▶ WORK TASK
Where does the string "euclideanreal" appear in the material? Copy each line that holds it.

▶ DATA PROVIDED
(* Let $n\ge1$ be odd and $(\rho_i)_{i=0}^n$ a sequence in $\mathbb F$. The following are equivalent: (i) $(\rho_i)$ is constrained; (ii) the sequences $\rho_0,\rho_2,\ldots,\rho_{n-1}$ and $\rho_n^{-1},\rho_{n-2}^{-1},\ldots,\rho_1^{-1}$ are equal and geometric; (iii) there exist nonzero $s,\xi\in\mathbb F$ such that $\rho_i=\xi s^{i/2}$ for $i$ even and $\rho_i=\xi^{-1}s^{(i-n)/2}$ for $i$ odd ($0\le i\le n$). If these hold then $s=\rho_i/\rho_{i-2}$ for $2\le i\le n$ and $\xi=\rho_0$.
   Context: A sequence $(\rho_i)_{i=0}^n$ of scalars in a field $\mathbb F$ is constrained if (i) $\rho_i\rho_{n-i}=1$ for $0\le i\le n$, and (ii) there exist $a,b,c\in\mathbb F$, not all zero, with $a\rho_{i-1}+b\rho_i+c\rho_{i+1}=0$ for $1\le i\le n-1$. A sequence is geometric if all its terms are nonzero and the ratio of consecutive terms is constant. *)

theory Defs
  imports Complex_Main
begin

text \<open>A sequence (rho_i) for i = 0..n, represented by rho :: nat => 'a (only values at 0..n matter).\<close>
definition constrained :: "nat \<Rightarrow> (nat \<Rightarrow> 'a::field) \<Rightarrow> bool" where
  "constrained n rho \<longleftrightarrow>
     (\<forall>i\<le>n. rho i * rho (n - i) = 1) \<and>
     (\<exists>a b c. \<not> (a = 0 \<and> b = 0 \<and> c = 0) \<and>
        (\<forall>i. 1 \<le> i \<and> i \<le> n - 1 \<longrightarrow> a * rho (i - 1) + b * rho i + c * rho (i + 1) = 0))"

definition geometric :: "'a::field list \<Rightarrow> bool" where
  "geometric xs \<longleftrightarrow> (\<forall>x\<in>set xs. x \<noteq> 0) \<and>
     (\<exists>r. \<forall>i. i + 1 < length xs \<longrightarrow> xs ! (i + 1) = r * xs ! i)"

end

theory Submission
  imports Defs
begin

text \<open>
  The recurrence \<open>a \<rho>(k) + b \<rho>(k+1) + c \<rho>(k+2) = 0\<close>, read at the mirrored position and
  rewritten with \<open>\<rho>(n-i) = 1/\<rho>(i)\<close>, gives a second relation among the same three terms;
  eliminating \<open>a\<close> and \<open>c\<close> leaves \<open>b (\<rho>(k) \<rho>(k+2) - \<rho>(k+1)\<^sup>2) = 0\<close>. So if \<open>b \<noteq> 0\<close> the
  whole sequence is geometric, while if \<open>b = 0\<close> the recurrence itself links \<open>\<rho>(k)\<close> and
  \<open>\<rho>(k+2)\<close>. Either way \<open>\<rho>(k+2) = s \<rho>(k)\<close> for a fixed \<open>s \<noteq> 0\<close>: the even-indexed terms are
  \<open>\<rho>(0) s\<^sup>j\<close>, and since \<open>n\<close> is odd the odd-indexed terms are their mirrored reciprocals.
  Conversely every such sequence satisfies the recurrence with \<open>(a, b, c) = (s, 0, -1)\<close>.
\<close>

definition parametrized :: "nat \<Rightarrow> (nat \<Rightarrow> 'a::field) \<Rightarrow> 'a \<Rightarrow> 'a \<Rightarrow> bool" where
  "parametrized n rho s \<xi> \<longleftrightarrow> s \<noteq> 0 \<and> \<xi> \<noteq> 0 \<and>
     (\<forall>i\<le>n. (even i \<longrightarrow> rho i = \<xi> * s ^ (i div 2)) \<and>
            (odd i \<longrightarrow> rho i = inverse \<xi> * inverse (s ^ ((n - i) div 2))))"

lemma power_int_half_diff_eq_inverse_power:
  fixes s :: "'a::field"
  assumes "odd i" "i \<le> n" "odd n"
  shows "s powi ((int i - int n) div 2) = inverse (s ^ ((n - i) div 2))"
proof -
  have "even (n - i)" using assms by simp
  then obtain k where k: "n - i = 2 * k" by blast
  have "(int i - int n) div 2 = - int k" using k assms(2) by linarith
  then show ?thesis using k by (simp add: power_int_minus)
qed

lemma parametrized_iff_power_int:
  assumes "odd n"
  shows "(s \<noteq> 0 \<and> \<xi> \<noteq> 0 \<and>
           (\<forall>i\<le>n. (even i \<longrightarrow> rho i = \<xi> * s ^ (i div 2)) \<and>
                   (odd i \<longrightarrow> rho i = inverse \<xi> * s powi ((int i - int n) div 2))))
         \<longleftrightarrow> parametrized n rho s \<xi>"
  unfolding parametrized_def
  using power_int_half_diff_eq_inverse_power[OF _ _ assms, of _ s] by auto

lemma even_terms_eq_power:
  fixes rho :: "nat \<Rightarrow> 'a::comm_monoid_mult"
  assumes "\<And>j. 2 * (j + 1) \<le> n \<Longrightarrow> rho (2 * (j + 1)) = s * rho (2 * j)" and "2 * j \<le> n"
  shows "rho (2 * j) = rho 0 * s ^ j"
  using assms(2)
proof (induction j)
  case (Suc j)
  then show ?case using assms(1)[of j] by (simp add: ac_simps)
qed simp
lemma integral_intensity_measure:
  fixes f :: "'a::topological_space \<Rightarrow> real"
  assumes \<tau>: "\<tau> \<in> finite_borel_measures (sym_power_topology (euclidean :: 'a topology) n)"
    and f: "f \<in> borel_measurable borel" and B: "\<And>x. \<bar>f x\<bar> \<le> B"
  shows "integral\<^sup>L (intensity_measure \<tau>) f = (\<integral>m. (\<Sum>x\<in>#m. f x) \<partial>\<tau>)"
proof -
  note \<tau>' = finite_borel_measures_sym_power_topologyD[OF \<tau>]
  have "f \<in> borel_measurable (\<tau> \<bind> empirical_measure)"
    using f by (simp add: measurable_cong_sets[OF sets_bind_measurable[OF \<tau>'(4,3)] refl])
  then have "integral\<^sup>L (intensity_measure \<tau>) f = real n * integral\<^sup>L (\<tau> \<bind> empirical_measure) f"
    by (simp add: intensity_measure_sym_power_eq_scale_bind[OF \<tau>] integral_scale_measure)
  also have "integral\<^sup>L (\<tau> \<bind> empirical_measure) f = (\<integral>m. integral\<^sup>L (empirical_measure m) f \<partial>\<tau>)"
  proof (rule integral_bind[OF f _ \<tau>'(4,1)])
    show "\<bar>f x\<bar> \<le> B" for x
      by (rule B)
    have "emeasure (empirical_measure m) (space (empirical_measure m)) = 1" for m :: "'a multiset"
      by (rule prob_space.emeasure_space_1[OF prob_space_empirical_measure])
    then show "AE m in \<tau>. emeasure (empirical_measure m) (space (empirical_measure m)) \<le> ennreal 1"
      by simp
  qed
  also have "real n * (\<integral>m. integral\<^sup>L (empirical_measure m) f \<partial>\<tau>)
      = (\<integral>m. real n * integral\<^sup>L (empirical_measure m) f \<partial>\<tau>)"
    by simp
  also have "\<dots> = (\<integral>m. (\<Sum>x\<in>#m. f x) \<partial>\<tau>)"
    using \<tau>'(2) f by (intro Bochner_Integration.integral_cong) (auto simp: size_mult_integral_empirical_measure)
  finally show ?thesis .
qed

section \<open>The weak topology\<close>

lemma topspace_weak_measure_topology:
  "topspace (weak_measure_topology T) = finite_borel_measures T"
proof -
  have "bounded ((\<lambda>_. 0 :: real) ` topspace T)"
    by (rule bounded_subset[of "{0}"]) auto
  then have "finite_borel_measures T \<in> {{M \<in> finite_borel_measures T. integral\<^sup>L M f \<in> U} | f U.
        continuous_map T euclideanreal f \<and> bounded (f ` topspace T) \<and> open U}"
    by (intro CollectI exI[of _ "\<lambda>_. 0 :: real"] exI[of _ UNIV]) auto
  then show ?thesis
    unfolding weak_measure_topology_def topology_generated_by_topspace by blast
qed

lemma continuous_map_weak_measure_topologyI:
  assumes maps: "\<And>\<tau>. \<tau> \<in> finite_borel_measures X \<Longrightarrow> \<Phi> \<tau> \<in> finite_borel_measures Y"
    and integral: "\<And>f. continuous_map Y euclideanreal f \<Longrightarrow> bounded (f ` topspace Y) \<Longrightarrow>
      \<exists>g. continuous_map X euclideanreal g \<and> bounded (g ` topspace X) \<and>
          (\<forall>\<tau> \<in> finite_borel_measures X. integral\<^sup>L (\<Phi> \<tau>) f = integral\<^sup>L \<tau> g)"
  shows "continuous_map (weak_measure_topology X) (weak_measure_topology Y) \<Phi>"
proof -
  have "openin (weak_measure_topology X) (\<Phi> -` V \<inter> topspace (weak_measure_topology X))"
    if subbasic: "V \<in> {{M \<in> finite_borel_measures Y. integral\<^sup>L M f \<in> U} | f U.
        continuous_map Y euclideanreal f \<and> bounded (f ` topspace Y) \<and> open U}" for V
  proof -
    obtain f U where V: "V = {M \<in> finite_borel_measures Y. integral\<^sup>L M f \<in> U}" and U: "open U"
      and f: "continuous_map Y euclideanreal f" "bounded (f ` topspace Y)"
      using subbasic by blast
    obtain g where g: "continuous_map X euclideanreal g" "bounded (g ` topspace X)"
      and eq: "\<And>\<tau>. \<tau> \<in> finite_borel_measures X \<Longrightarrow> integral\<^sup>L (\<Phi> \<tau>) f = integral\<^sup>L \<tau> g"
      using integral[OF f] by blast
    have "\<Phi> -` V \<inter> topspace (weak_measure_topology X) = {\<tau> \<in> finite_borel_measures X. integral\<^sup>L \<tau> g \<in> U}"
      using maps eq by (auto simp: V topspace_weak_measure_topology)
    then show ?thesis
      unfolding weak_measure_topology_def[of X]
      by (metis (mono_tags, lifting) topology_generated_by_Basis g U mem_Collect_eq)
  qed
  moreover have "\<Phi> ` topspace (weak_measure_topology X) \<subseteq> topspace (weak_measure_topology Y)"
    using maps by (auto simp: topspace_weak_measure_topology)
  ultimately show ?thesis
    unfolding weak_measure_topology_def[of Y] continuous_on_generated_topo_iff
    by simp
qed

theorem lemma6:
  fixes n :: nat
  shows "continuous_map
           (weak_measure_topology (sym_power_topology (euclidean :: ('a::polish_space) topology) n))
           (weak_measure_topology (euclidean :: 'a topology))
           intensity_measure"
proof (rule continuous_map_weak_measure_topologyI)
  fix f :: "'a \<Rightarrow> real"
  assume f: "continuous_map euclidean euclideanreal f" and bounded: "bounded (f ` topspace euclidean)"
  obtain B where B: "\<And>x. \<bar>f x\<bar> \<le> B"
    using bounded by (auto simp: bounded_iff)
  have "f \<in> borel_measurable borel"
    using continuous_map_imp_borel_measurable[OF f] by (simp add: borel_of_euclidean)
  with B show "\<exists>g. continuous_map (sym_power_topology euclidean n) euclideanreal g \<and>
      bounded (g ` topspace (sym_power_topology euclidean n)) \<and>
      (\<forall>\<tau> \<in> finite_borel_measures (sym_power_topology euclidean n).
         integral\<^sup>L (intensity_measure \<tau>) f = integral\<^sup>L \<tau> g)"
    by (intro exI[of _ "\<lambda>m. \<Sum>x\<in>#m. f x"] conjI ballI continuous_map_sym_power_topology_sum_mset f
        bounded_sym_power_topology_sum_mset bounded integral_intensity_measure)
qed (rule intensity_measure_in_finite_borel_measures)

end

▶ ANSWER TO THIS TASK
        continuous_map T euclideanreal f \<and> bounded (f ` topspace T) \<and> open U}"
    and integral: "\<And>f. continuous_map Y euclideanreal f \<Longrightarrow> bounded (f ` topspace Y) \<Longrightarrow>
      \<exists>g. continuous_map X euclideanreal g \<and> bounded (g ` topspace X) \<and>
        continuous_map Y euclideanreal f \<and> bounded (f ` topspace Y) \<and> open U}" for V
      and f: "continuous_map Y euclideanreal f" "bounded (f ` topspace Y)"
    obtain g where g: "continuous_map X euclideanreal g" "bounded (g ` topspace X)"
  assume f: "continuous_map euclidean euclideanreal f" and bounded: "bounded (f ` topspace euclidean)"
  with B show "\<exists>g. continuous_map (sym_power_topology euclidean n) euclideanreal g \<and>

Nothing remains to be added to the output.